O pintor desinteressa-se dos fundos, que
nos surgem neutros (ou, melhor dizendo, amplas áreas uniformes, porque as cores
quase sempre são gritantes) para neles melhor sobressaírem as acções humanas;
ou seja, para sobre eles se contar uma história. Há uma maneira muito própria
de contar essa história, que de cada vez se traduz, mais do que em temas, em
séries que se desdobram com veemência.
As séries, como complemento estritamente
técnico da estratégia, trazem-me à memória o pensador raro que foi Walter
Benjamim (A Obra de Arte na Era da
Reprodutibilidade Técnica), traduzindo a modernidade do projecto. Não me é
difícil imaginar o pintor atacando
vários quadros em simultâneo, ou usando diversos tipos de tintas em também
diversos tipos de suporte. Tudo vale para chegar aos outros, mais do que
esperar que os outros venham até si. Tudo vale para retirar a aura reservada e mística
do quadro e o transformar em instrumento ao serviço do sentido.

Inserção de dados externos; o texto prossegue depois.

text \<open>Given a direction of determinant \<open>\<alpha> \<noteq> 0\<close> with respect to \<open>w\<^sub>1\<close>, the identity
  \<open>\<alpha> u = w + c w\<^sub>1\<close> with \<open>|c| \<le> |\<alpha>|/2\<close> produces a direction \<open>u\<close> of determinant 1.\<close>
lemma iwidth_det_reduction:
  assumes S: "finite S" "S \<noteq> {}" and u0: "det2 w1 u0 = 1" and nz: "det2 w1 w \<noteq> 0"
  obtains u where "det2 w1 u = 1"
    "2 * \<bar>det2 w1 w\<bar> * iwidth S u \<le> 2 * iwidth S w + \<bar>det2 w1 w\<bar> * iwidth S w1"
proof -
  define \<alpha> where "\<alpha> = det2 w1 w"
  obtain k where k: "2 * \<bar>\<alpha> * k - det2 w u0\<bar> \<le> \<bar>\<alpha>\<bar>"
    using exists_near_multiple nz unfolding \<alpha>_def by blast
  define u where "u = (fst u0 + k * fst w1, snd u0 + k * snd w1)"
  define c where "c = \<alpha> * k - det2 w u0"
  have "det2 w1 u = 1"
    using u0 by (simp add: u_def det2_def algebra_simps)
  have "\<alpha> * fst u0 + det2 w u0 * fst w1 = fst w * det2 w1 u0"
    "\<alpha> * snd u0 + det2 w u0 * snd w1 = snd w * det2 w1 u0"
    by (simp_all add: \<alpha>_def det2_def algebra_simps)
  then have decomp: "(\<alpha> * fst u, \<alpha> * snd u) = w + (c * fst w1, c * snd w1)"
    using u0 by (simp add: u_def c_def prod_eq_iff algebra_simps)
  have "\<bar>\<alpha>\<bar> * iwidth S u \<le> iwidth S w + \<bar>c\<bar> * iwidth S w1"
    using iwidth_add_le[OF S, of w "(c * fst w1, c * snd w1)"]
    by (simp add: iwidth_scale[OF S, symmetric] decomp)
  moreover have "2 * \<bar>c\<bar> * iwidth S w1 \<le> \<bar>\<alpha>\<bar> * iwidth S w1"
    using k iwidth_nonneg[OF S] unfolding c_def by (simp add: mult_right_mono)
  ultimately show thesis
    using that \<open>det2 w1 u = 1\<close> unfolding \<alpha>_def by fastforce
qed

lemma iwidth_ge_det:
  assumes S: "finite S" "S \<noteq> {}" and w1: "primitive w1" "iwidth S w1 \<le> d"
    and unit: "\<And>u. \<bar>det2 w1 u\<bar> = 1 \<Longrightarrow> d + 1 \<le> iwidth S u"
    and nz: "det2 w1 w \<noteq> 0"
  shows "d + \<bar>det2 w1 w\<bar> \<le> iwidth S w"
proof (cases "\<bar>det2 w1 w\<bar> = 1")
  case True
  then show ?thesis using unit by simp
next
  case False
  define A where "A = \<bar>det2 w1 w\<bar>"
  have "2 \<le> A" using False nz unfolding A_def by linarith
  obtain u0 where "det2 w1 u0 = 1"
    using primitive_imp_det2_one[OF w1(1)] .
  then obtain u where u: "det2 w1 u = 1" "2 * A * iwidth S u \<le> 2 * iwidth S w + A * iwidth S w1"
    using iwidth_det_reduction[OF S _ nz] unfolding A_def by blast
  have "2 * A * (d + 1) \<le> 2 * A * iwidth S u"
    using unit[of u] u(1) \<open>2 \<le> A\<close> by simp
  moreover have "A * iwidth S w1 \<le> A * d"
    using w1(2) \<open>2 \<le> A\<close> by simp
  moreover have "2 * d \<le> A * d"
    using \<open>2 \<le> A\<close> iwidth_nonneg[OF S, of w1] w1(2) by (intro mult_right_mono) auto
  ultimately show ?thesis
    using u(2) unfolding A_def by (simp add: algebra_simps)
qed

section \<open>Removing a vertex\<close>

lemma iwidth_insert_le:
  assumes "finite S" "q \<in> convex hull (lattice_pt ` S)"
    and "\<bar>pair_ip q w - of_int (idot v w)\<bar> \<le> \<delta>"
  shows "of_int (iwidth (insert v S) w) \<le> of_int (iwidth S w) + \<delta>"
proof -
  let ?m = "Min ((\<lambda>p. idot p w) ` S)" and ?M = "Max ((\<lambda>p. idot p w) ` S)"
  have "S \<noteq> {}" using assms(2) by auto
  then have "iwidth (insert v S) w = max (idot v w) ?M - min (idot v w) ?m"
    using assms(1) by (simp add: iwidth_def)
  moreover have "of_int ?m \<le> pair_ip q w" "pair_ip q w \<le> of_int ?M"
    using pair_ip_hull_bounds[OF assms(1,2)] by auto
  ultimately show ?thesis
    using assms(3) by (auto simp: iwidth_def max_def min_def abs_le_iff)
qed

lemma exists_level_point_in_hull:
  assumes "p \<in> S" "q \<in> S" "idot p w \<le> c" "c \<le> idot q w"
  shows "\<exists>z\<in>convex hull (lattice_pt ` S). pair_ip z w = of_int c"
  using connected_ivt_hyperplane[of "convex hull (lattice_pt ` S)" "lattice_pt p" "lattice_pt q"
      "(of_int (fst w), of_int (snd w))" "of_int c"] assms
  by (auto simp: convex_connected hull_inc pair_ip_eq_inner[symmetric] pair_ip_lattice_pt)

lemma segment_iwidth_zero:
  assumes "finite L" "L \<noteq> {}" "lattice_pt ` L \<subseteq> convex hull (lattice_pt ` {A, B})"
  obtains w where "primitive w" "iwidth L w = 0"
proof -
  obtain w where w: "primitive w" "idot A w = idot B w"
    using exists_primitive_orthogonal by blast
  have "idot p w = idot A w" if "p \<in> L" for p
    using pair_ip_hull_bounds[of "{A, B}" "lattice_pt p" w] assms(3) that w(2)
    by (auto simp: pair_ip_lattice_pt)
  moreover obtain p q where "p \<in> L" "q \<in> L" "iwidth L w = idot p w - idot q w"
    using iwidth_attained[OF assms(1,2)] .
  ultimately show thesis
    using that w(1) by simp
qed

lemma exists_vertex_with_level_witness:
  assumes P: "lattice_polygon P" and L: "L = lattice_points P"
    and two_dim: "\<And>w. primitive w \<Longrightarrow> 0 < iwidth L w"
  obtains v q where "v \<in> L" "lattice_pt v extreme_point_of P"
    "q \<in> convex hull (lattice_pt ` (L - {v}))" "pair_ip q w1 = of_int (idot v w1)"
proof -
  note witness = that
  note L_props = lattice_polygon_lattice_points[OF P, folded L]
  have "Min ((\<lambda>p. idot p w1) ` L) \<in> (\<lambda>p. idot p w1) ` L"
    "Max ((\<lambda>p. idot p w1) ` L) \<in> (\<lambda>p. idot p w1) ` L"
    using L_props by simp_all
  then obtain B T where "B \<in> L" "T \<in> L" "idot B w1 = Min ((\<lambda>p. idot p w1) ` L)"
    "idot T w1 = Max ((\<lambda>p. idot p w1) ` L)"
    by auto
  then have BT: "idot B w1 \<le> idot p w1 \<and> idot p w1 \<le> idot T w1" if "p \<in> L" for p
    using L_props(1) that by simp
  show thesis
  proof (rule ccontr)
    assume no_witness: "\<not> thesis"
    \<comment> \<open>By the intermediate value theorem every vertex is \<open>B\<close> or \<open>T\<close>, so \<open>P\<close> is a segment.\<close>
    have extreme_BT: "x \<in> lattice_pt ` {B, T}" if "x extreme_point_of P" for x
    proof -
      obtain v where v: "v \<in> L" "x = lattice_pt v"
        using extreme_point_of_convex_hull L_props(3) \<open>x extreme_point_of P\<close> by blast
      show ?thesis
      proof (rule ccontr)
        assume "x \<notin> lattice_pt ` {B, T}"
        then have "B \<in> L - {v}" "T \<in> L - {v}"
          using v \<open>B \<in> L\<close> \<open>T \<in> L\<close> by auto
        then have "\<exists>q\<in>convex hull (lattice_pt ` (L - {v})). pair_ip q w1 = of_int (idot v w1)"
          using BT[OF v(1)] by (metis exists_level_point_in_hull)
        then obtain q where q: "q \<in> convex hull (lattice_pt ` (L - {v}))"
          "pair_ip q w1 = of_int (idot v w1)"
          by blast
        show False
          using no_witness witness[OF v(1) that[unfolded v(2)] q] by contradiction
      qed
    qed
    have "compact P" "convex P"
      using L_props by (metis compact_convex_hull finite_imageI finite_imp_compact convex_convex_hull)+
    then have "P = convex hull {x. x extreme_point_of P}"
      by (rule Krein_Milman_Minkowski)
    also have "\<dots> \<subseteq> convex hull (lattice_pt ` {B, T})"
      using extreme_BT by (intro hull_mono) blast
    finally have "lattice_pt ` L \<subseteq> convex hull (lattice_pt ` {B, T})"
      using L by (auto simp: lattice_points_def)
    then obtain w where "primitive w" "iwidth L w = 0"
      using segment_iwidth_zero[OF L_props(1,2)] by blast
    then show False
      using two_dim by fastforce
  qed
qed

Os quadros que compõem as séries (ou
melhor, que a vão compondo, uma vez que cada série é “open-ended”), não são os
fotogramas sequenciais de um gesto, mas sim diferentes ângulos particulares de
uma mesma encenação. Assim, o que perdem em individualidade (narrativas fixas, fechadas
sobre si próprias) ganham como elemento que acrescenta e revela sempre novos
pormenores a essa encenação – e consequentemente, elemento que as politiza.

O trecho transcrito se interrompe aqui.